Ethiopia

Current Studies

Trachoma is the world’s leading infectious cause of blindness. A single infection, in and of itself, is not dangerous and is treatable with antibiotics. However, repeated and untreated infections can cause thickening of the eyelids, corneal scratching from inward-curving eyelashes, and eventually loss of vision. Though largely absent from industrialized nations, trachoma is still a public health concern in some developing parts of the world. The World Health Organization (WHO) has made it a goal to eliminate trachoma as a public health concern by the year 2020, and recommends mass distributions of antibiotics in communities where trachoma exists. Such distributions have successfully eliminated trachoma from communities in Nepal and The Gambia, where trachoma infections existed at moderate levels. However, this level of success has not been achieved in places where trachoma infection rates are severe. In such cases, the WHO trachoma program needs to be rethought. Using rural Ethiopia and Niger as models, Dr. Thomas Lietman, Dr. Jeremy Keenan, Catherine Oldenburg, and the F.I. Proctor Foundation at UCSF have embarked on major studies questioning how to most efficiently treat trachoma in communities with severe infection rates.

Trachoma Community Treatment Strategies

It is uncertain if annual repeat treatment of trachoma with mass azithromycin distribution will eliminate ocular Chlamydia from a community, particularly in hyperendemic areas. We are therefore researching novel strategies for trachoma control. With the ongoing SWIFT trial, we are researching the impact of water, sanitation, and hygiene on trachoma, with and without adjudivant antibiotics. The KETFO trial will also examine novel strategies of antibiotic distribution for trachoma. 

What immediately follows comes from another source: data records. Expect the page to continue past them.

(* Let $\psi_\pm(x)=\frac{5\pm\sqrt{25-4x}}{2}$ and $\Psi(x)=\frac32\lim_{l\to\infty}5^l\psi_-^{\,l}(x)$. Let $E$ be the set consisting of the empty sequence $\emptyset$ together with all finite sequences $e=(e_1,\dots,e_N)$, $N\ge1$, with $e_j\in\{+,-\}$ and $e_1=+$; write $|e|$ for the length and $\psi_e=\psi_{e_1}\circ\cdots\circ\psi_{e_{|e|}}$, $\psi_\emptyset=\mathrm{id}$. Fix an integer $m_0$ and an initial value $\lambda_{m_0}\in\{2,5,6\}$, and define for $e\in E$ $$\lambda_e=5^{|e|+m_0}\,\Psi(\psi_e(\lambda_{m_0}))\ \text{ if }\lambda_{m_0}\in\{2,5\},\qquad \lambda_e=5^{|e|+m_0+1}\,\Psi(\psi_e(3))\ \text{ if }\lambda_{m_0}=6,$$ and the counting function $\rho_{m_0}(x)=\#\{e\in E:\lambda_e\le x\}$ for $x>0$. Then there exists a continuous, $\log 5$-periodic function $g:\mathbb{R}\to\mathbb{R}$ such that $$\lim_{x\to\infty}\left(\frac{\rho_{m_0}(x)}{x^{\log2/\log5}}-g(\log x)\right)=0.$$
   Context: These $\lambda_e$ are exactly the eigenvalues of the Laplacian on the Sierpinski gasket (or on the infinite Sierpinski gasket) of eigenfunctions obtained by spectral decimation from a fixed generation of birth $m_0$ and a fixed initial eigenfunction with initial eigenvalue $\lambda_{m_0}$; each such eigenvalue corresponds to a unique eigenfunction extending the fixed initial one. *)

theory Defs
  imports Complex_Main
begin

definition psi_plus :: "real \<Rightarrow> real" where
  "psi_plus x = (5 + sqrt (25 - 4 * x)) / 2"

definition psi_minus :: "real \<Rightarrow> real" where
  "psi_minus x = (5 - sqrt (25 - 4 * x)) / 2"

definition Psi :: "real \<Rightarrow> real" where
  "Psi x = 3 / 2 * lim (\<lambda>l::nat. 5 ^ l * (psi_minus ^^ l) x)"

text \<open>Signs: True = +, False = -.\<close>
definition psi_sign :: "bool \<Rightarrow> real \<Rightarrow> real" where
  "psi_sign s = (if s then psi_plus else psi_minus)"

definition psi_seq :: "bool list \<Rightarrow> real \<Rightarrow> real" where
  "psi_seq e = foldr (\<lambda>s f. psi_sign s \<circ> f) e id"

definition E_set :: "bool list set" where
  "E_set = {e. e = [] \<or> hd e = True}"

definition lambda_e :: "int \<Rightarrow> real \<Rightarrow> bool list \<Rightarrow> real" where
  "lambda_e m0 lam0 e =
     (if lam0 = 6 then 5 powr (real_of_int (int (length e) + m0 + 1)) * Psi (psi_seq e 3)
      else 5 powr (real_of_int (int (length e) + m0)) * Psi (psi_seq e lam0))"

definition rho :: "int \<Rightarrow> real \<Rightarrow> real \<Rightarrow> nat" where
  "rho m0 lam0 x = card {e \<in> E_set. lambda_e m0 lam0 e \<le> x}"

end

theory Submission
  imports Defs "HOL-Analysis.Analysis" "HOL-Real_Asymp.Real_Asymp"
begin

text \<open>
  For \<open>e = + f\<close> one has \<open>\<lambda>\<^sub>e = K 5^(|f|+1) h(\<psi>\<^sub>f w)\<close>, where \<open>h = \<Psi> \<circ> \<psi>\<^sub>+\<close> is decreasing and
  injective on \<open>[0, 5]\<close>. Hence, apart from the empty sequence, \<open>\<rho>(x) = \<Sum>\<^sub>n 2^n F\<^sub>n(x / (K 5^(n+1)))\<close>,
  where \<open>F\<^sub>n(t)\<close> is the fraction of the sign sequences \<open>f\<close> of length \<open>n\<close> with \<open>h(\<psi>\<^sub>f w) \<le> t\<close>.
  As \<open>\<psi>\<^sub>-\<close> and \<open>\<psi>\<^sub>+\<close> map \<open>[0, 5]\<close> to the two sides of \<open>5/2\<close>, the outermost sign alone decides,
  for half of the sequences, whether they land in a given ray; this gives \<open>|F\<^sub>n\<^sub>+\<^sub>1 - F\<^sub>n| \<le> 2^-n\<close>, so
  \<open>F\<^sub>n\<close> converges to some \<open>F\<close>, which is continuous since \<open>F\<^sub>n\<close> only has jumps of size \<open>2^-n\<close>.
  Replacing \<open>F\<^sub>n\<close> by \<open>F\<close> costs \<open>O(1)\<close> per scale, \<open>O(log x)\<close> in total, and the two-sided sum
  \<open>\<Sum>k\<in>\<int>. 2^k F(x / (K 5^(k+1)))\<close> equals \<open>x^(log 2 / log 5) g(log x)\<close> with \<open>g\<close> of period \<open>log 5\<close>.
\<close>

lemma geometric_steps_LIMSEQ:
  fixes a :: "nat \<Rightarrow> real"
  assumes steps: "\<And>n. \<bar>a (Suc n) - a n\<bar> \<le> C * r ^ n" and r: "0 \<le> r" "r < 1"
  shows "a \<longlonglongrightarrow> lim a" and "\<bar>a n - lim a\<bar> \<le> C * r ^ n / (1 - r)"
proof -
  define d where "d k = a (Suc k) - a k" for k
  have bound: "summable (\<lambda>k. C * r ^ k)" using r by simp
  have d: "summable d"
    using steps by (intro summable_comparison_test[OF _ bound]) (auto simp: d_def)
  have "(\<lambda>n. a 0 + (\<Sum>k<n. d k)) \<longlonglongrightarrow> a 0 + suminf d"
    by (intro tendsto_add tendsto_const summable_LIMSEQ d)
  then have lim: "a \<longlonglongrightarrow> a 0 + suminf d"
    by (simp add: d_def sum_lessThan_telescope)
  then show "a \<longlonglongrightarrow> lim a"
    by (simp add: limI)
  have "(\<Sum>k<n. d k) = a n - a 0"
    by (simp add: d_def sum_lessThan_telescope)
  then have "\<bar>a n - lim a\<bar> = \<bar>\<Sum>k. d (k + n)\<bar>"
    using limI[OF lim] suminf_minus_initial_segment[OF d, of n] by simp
  also have "\<dots> \<le> (\<Sum>k. C * r ^ n * r ^ k)"
  proof (rule norm_suminf_le[of "\<lambda>k. d (k + n)", unfolded real_norm_def])
    show "\<bar>d (k + n)\<bar> \<le> C * r ^ n * r ^ k" for k
      using steps[of "k + n"] by (simp add: d_def power_add mult_ac)
    show "summable (\<lambda>k. C * r ^ n * r ^ k)"
      using r by (intro summable_mult summable_geometric) auto
  qed
  also have "\<dots> = C * r ^ n / (1 - r)"
    using r by (simp add: suminf_mult suminf_geometric)
  finally show "\<bar>a n - lim a\<bar> \<le> C * r ^ n / (1 - r)" .
qed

We recently completed the TIRET study. Through the TIRET study, we investigated a number of treatment strategies: treatment of the entire community once per year or twice per year; and targeted treatment of preschool aged children or targeted treatment of households with clinical signs of trachoma.

Prior to TIRET, we completed the TANA study, in collaboration with the Carter Center and the Ethiopian Ministry of Health. We were able to demonstrate that children form a core group for trachoma—that is, if you eliminate infection in children, then it should disappear in the rest of the community. We have also found that biannual treatments are more likely to completely eliminate infection that annual treatments. Future studies will determine if infection will return after treatments are discontinued.

In our Ethiopian trachoma studies, we also monitored mortality with antibiotic administrations, as diarrhea, respiratory infection, and malaria are all major causes of infant mortality and all may be affected by azithromycin. We found that in pre-school children, mortality was reduced with the mass antibiotic treatments, even though the target disease of trachoma is not a lethal disease. We confirmed this reduction in mortality with a large community-randomized clinical trial spread across 3 countries.